──────── Available records

definition independent_set :: "('a \<Rightarrow> 'a \<Rightarrow> bool) \<Rightarrow> 'a set \<Rightarrow> bool" where
  "independent_set E I \<longleftrightarrow> (\<forall>u\<in>I. \<forall>v\<in>I. \<not> E u v)"

definition indep_num :: "('a \<Rightarrow> 'a \<Rightarrow> bool) \<Rightarrow> 'a set \<Rightarrow> nat" where
  "indep_num E S = Max {card I | I. I \<subseteq> S \<and> independent_set E I}"

definition has_cycle_of_length :: "('a \<Rightarrow> 'a \<Rightarrow> bool) \<Rightarrow> nat \<Rightarrow> bool" where
  "has_cycle_of_length E L \<longleftrightarrow> L \<ge> 3 \<and>
     (\<exists>c :: nat \<Rightarrow> 'a. inj_on c {..<L} \<and> (\<forall>i<L. E (c i) (c (Suc i mod L))))"

text \<open>Girth: minimum cycle length, \<infinity> if acyclic (Inf {} = \<infinity> in enat).\<close>
definition girth :: "('a \<Rightarrow> 'a \<Rightarrow> bool) \<Rightarrow> enat" where
  "girth E = Inf {enat L | L. has_cycle_of_length E L}"

definition Delta_t :: "nat \<Rightarrow> ('a \<Rightarrow> 'a \<Rightarrow> bool) \<Rightarrow> 'a set set" where
  "Delta_t d E = {\<sigma>. indep_num E (UNIV - \<sigma>) \<ge> d}"

text \<open>Geometric realization of an abstract simplicial complex K on a finite
vertex type: points of the standard simplex in R^V whose support is a face of K,
with the subspace topology of the product (= Euclidean) topology.\<close>
definition geom_real :: "('a::finite) set set \<Rightarrow> ('a \<Rightarrow> real) topology" where
  "geom_real K = subtopology (powertop_real UNIV)
     {x. (\<forall>v. 0 \<le> x v) \<and> sum x UNIV = 1 \<and> {v. x v \<noteq> 0} \<in> K}"

text \<open>m-connected (m \<ge> -1): nonempty, and \<pi>_i vanishes for 0 \<le> i \<le> m,
expressed as: every continuous map S^i \<rightarrow> X is homotopic to a constant map.\<close>
definition m_connected :: "int \<Rightarrow> 'b topology \<Rightarrow> bool" where
  "m_connected m X \<longleftrightarrow> topspace X \<noteq> {} \<and>
     (\<forall>i::nat. int i \<le> m \<longrightarrow>
        (\<forall>f. continuous_map (nsphere i) X f \<longrightarrow>
           (\<exists>c. homotopic_with (\<lambda>_. True) (nsphere i) X f (\<lambda>_. c))))"

end

theory Submission
  imports Defs
begin

(* In a graph of girth at least 2d, fewer than 2d vertices induce a forest, so they contain a
   vertex of degree at most one; deleting it together with its neighbour and recursing yields an
   independent subset of at least half the size.  Hence after removing any k + 1 vertices from a
   graph on at least 2d + k vertices, 2d - 1 remaining vertices still contain d independent ones:
   Delta_d^t(G) contains every set of at most k + 1 vertices, i.e. the full k-skeleton of the
   simplex on V(G).  Such a complex is (k - 1)-connected: a map from the i-sphere, i < k, extends
   over the (i + 1)-ball into the whole simplex, and as every missing face has dimension greater
   than i + 1, the extension can be pushed off the missing faces, one maximal face at a time,
   onto their relative boundaries. *)

section \<open>Independent sets in graphs of large girth\<close>

lemma finite_independent_cards:
  "finite {card I | I. I \<subseteq> (S::'a::finite set) \<and> independent_set E I}"
  by (rule finite_subset[of _ "card ` Pow S"]) auto

lemma card_le_indep_num:
  fixes S :: "'a::finite set"
  assumes "I \<subseteq> S" "independent_set E I"
  shows "card I \<le> indep_num E S"
  unfolding indep_num_def using assms finite_independent_cards[of S E]
  by (intro Max_ge) auto

lemma indep_num_mono:
  fixes S :: "'a::finite set"
  assumes "S \<subseteq> S'"
  shows "indep_num E S \<le> indep_num E S'"
  unfolding indep_num_def
proof (rule Max_mono)
  show "{card I |I. I \<subseteq> S \<and> independent_set E I} \<noteq> {}"
    unfolding independent_set_def by blast
qed (use assms finite_independent_cards in blast)+

lemma girth_le_cycle_length:
  assumes "has_cycle_of_length E L"
  shows "girth E \<le> enat L"
  unfolding girth_def using assms by (intro Inf_lower) auto

lemma non_backtracking_walk:
  assumes "v \<in> W" and deg: "\<And>v. v \<in> W \<Longrightarrow> \<exists>u\<in>W. \<exists>w\<in>W. u \<noteq> w \<and> E v u \<and> E v w"
  obtains w :: "nat \<Rightarrow> 'a"
  where "\<And>n. w n \<in> W" "\<And>n. E (w n) (w (Suc n))" "\<And>n. w (Suc (Suc n)) \<noteq> w n"
proof -
  define nxt where "nxt p c = (SOME x. x \<in> W \<and> E c x \<and> x \<noteq> p)" for p c
  have nxt: "nxt p c \<in> W \<and> E c (nxt p c) \<and> nxt p c \<noteq> p" if "c \<in> W" for c p
  proof -
    have "\<exists>x. x \<in> W \<and> E c x \<and> x \<noteq> p"
      using deg[OF that] by metis
    then show ?thesis
      unfolding nxt_def by (rule someI_ex)
  qed
  obtain u where u: "u \<in> W" "E v u"
    using deg[OF \<open>v \<in> W\<close>] by blast
  define s where "s n = ((\<lambda>(p, c). (c, nxt p c)) ^^ n) (v, u)" for n
  define w where "w n = fst (s n)" for n
  have w_Suc: "w (Suc n) = snd (s n)" for n
    by (simp add: w_def s_def split: prod.split)
  have w_Suc_Suc: "w (Suc (Suc n)) = nxt (w n) (w (Suc n))" for n
    by (simp add: w_Suc w_def s_def split: prod.split)
  have walk: "w n \<in> W \<and> w (Suc n) \<in> W \<and> E (w n) (w (Suc n))" for n
  proof (induction n)
    case 0
    then show ?case
      using \<open>v \<in> W\<close> u by (simp add: w_Suc w_def s_def)
  next
    case (Suc n)
    then show ?case
      using nxt[of "w (Suc n)" "w n"] by (simp add: w_Suc_Suc)
  qed
  show thesis
  proof
    show "w (Suc (Suc n)) \<noteq> w n" for n
      using nxt walk by (simp add: w_Suc_Suc)
  qed (use walk in auto)
qed

lemma first_repetition:
  assumes "finite W" "\<And>n. w n \<in> W"
  obtains a b where "a < b" "b \<le> card W" "w a = w b" "inj_on w {a..<b}"
proof -
  define P where "P b \<longleftrightarrow> (\<exists>a<b. w a = w b)" for b
  have "\<not> inj_on w {..card W}"
  proof
    assume "inj_on w {..card W}"
    then have "card {..card W} \<le> card W"
      using assms by (intro card_inj_on_le) auto
    then show False by simp
  qed
  then obtain x y where "x < y" "y \<le> card W" "w x = w y"
    unfolding inj_on_def by (metis atMost_iff linorder_neq_iff)
  then have "P y"
    unfolding P_def by blast
  define b where "b = (LEAST b. P b)"
  have least: "b \<le> b'" if "P b'" for b'
    unfolding b_def using that by (rule Least_le)
  have b: "P b" "b \<le> card W"
    using \<open>P y\<close> least[OF \<open>P y\<close>] \<open>y \<le> card W\<close> unfolding b_def by (auto intro: LeastI)
  obtain a where "a < b" "w a = w b"
    using b(1) unfolding P_def by blast
  moreover have "inj_on w {a..<b}"
  proof (rule inj_onI)
    fix x y assume "x \<in> {a..<b}" "y \<in> {a..<b}" "w x = w y"
    then show "x = y"
      using least[of x] least[of y] unfolding P_def by (metis atLeastLessThan_iff leD linorder_cases)
  qed
  ultimately show thesis
    using b(2) that by blast
qed

lemma has_cycle_of_length_closed_walk:
  assumes "simple_graph E" "a < b" "w a = w b" "inj_on w {a..<b}"
    and edge: "\<And>n. E (w n) (w (Suc n))" and no_return: "\<And>n. w (Suc (Suc n)) \<noteq> w n"
  shows "has_cycle_of_length E (b - a)"
proof -
  define L where "L = b - a"
  define c where "c j = w (a + j)" for j
  have "b \<noteq> Suc a"
    using edge[of a] \<open>w a = w b\<close> \<open>simple_graph E\<close> by (auto simp: simple_graph_def)
  moreover have "b \<noteq> Suc (Suc a)"
    using no_return[of a] \<open>w a = w b\<close> by auto
  ultimately have "L \<ge> 3"
    using \<open>a < b\<close> by (simp add: L_def)
  moreover have "inj_on c {..<L}"
  proof (rule inj_onI)
    fix x y assume "x \<in> {..<L}" "y \<in> {..<L}" "c x = c y"
    then have "a + x \<in> {a..<b}" "a + y \<in> {a..<b}" "w (a + x) = w (a + y)"
      by (auto simp: L_def c_def)
    then show "x = y"
      using inj_on_eq_iff[OF \<open>inj_on w {a..<b}\<close>] by auto
  qed
  moreover have "E (c i) (c (Suc i mod L))" if "i < L" for i
  proof -
    have "c (Suc i mod L) = w (Suc (a + i))"
    proof (cases "Suc i < L")
      case True
      then show ?thesis by (simp add: c_def)
    next
      case False
      then have "Suc i = L" "Suc (a + i) = b"
        using that by (auto simp: L_def)
      then show ?thesis
        using \<open>w a = w b\<close> by (simp add: c_def)
    qed
    then show ?thesis
      using edge by (simp add: c_def)
  qed
  ultimately show ?thesis
    unfolding has_cycle_of_length_def L_def by blast
qed

lemma short_cycle_if_min_degree_two:
  assumes "simple_graph E" "finite W" "W \<noteq> {}"
    and "\<And>v. v \<in> W \<Longrightarrow> \<exists>u\<in>W. \<exists>w\<in>W. u \<noteq> w \<and> E v u \<and> E v w"
  obtains L where "has_cycle_of_length E L" "L \<le> card W"
proof -
  obtain v where "v \<in> W"
    using \<open>W \<noteq> {}\<close> by blast
  obtain w where walk: "\<And>n. w n \<in> W" "\<And>n. E (w n) (w (Suc n))" "\<And>n. w (Suc (Suc n)) \<noteq> w n"
    using non_backtracking_walk[of v W E, OF \<open>v \<in> W\<close> assms(4)] by blast
  obtain a b where ab: "a < b" "b \<le> card W" "w a = w b" "inj_on w {a..<b}"
    using first_repetition[of W w, OF \<open>finite W\<close> walk(1)] by blast
  have "has_cycle_of_length E (b - a)"
    using has_cycle_of_length_closed_walk[OF \<open>simple_graph E\<close> ab(1,3,4) walk(2,3)] .
  moreover have "b - a \<le> card W"
    using ab(2) by linarith
  ultimately show thesis
    by (rule that)
qed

────────────────

Task prompt -> Beginning with the very first line of the material, please return exactly each line down to and including the one with "(\<exists>c :: nat".

Solution to this problem ->
definition independent_set :: "('a \<Rightarrow> 'a \<Rightarrow> bool) \<Rightarrow> 'a set \<Rightarrow> bool" where
  "independent_set E I \<longleftrightarrow> (\<forall>u\<in>I. \<forall>v\<in>I. \<not> E u v)"

definition indep_num :: "('a \<Rightarrow> 'a \<Rightarrow> bool) \<Rightarrow> 'a set \<Rightarrow> nat" where
  "indep_num E S = Max {card I | I. I \<subseteq> S \<and> independent_set E I}"

definition has_cycle_of_length :: "('a \<Rightarrow> 'a \<Rightarrow> bool) \<Rightarrow> nat \<Rightarrow> bool" where
  "has_cycle_of_length E L \<longleftrightarrow> L \<ge> 3 \<and>
     (\<exists>c :: nat \<Rightarrow> 'a. inj_on c {..<L} \<and> (\<forall>i<L. E (c i) (c (Suc i mod L))))"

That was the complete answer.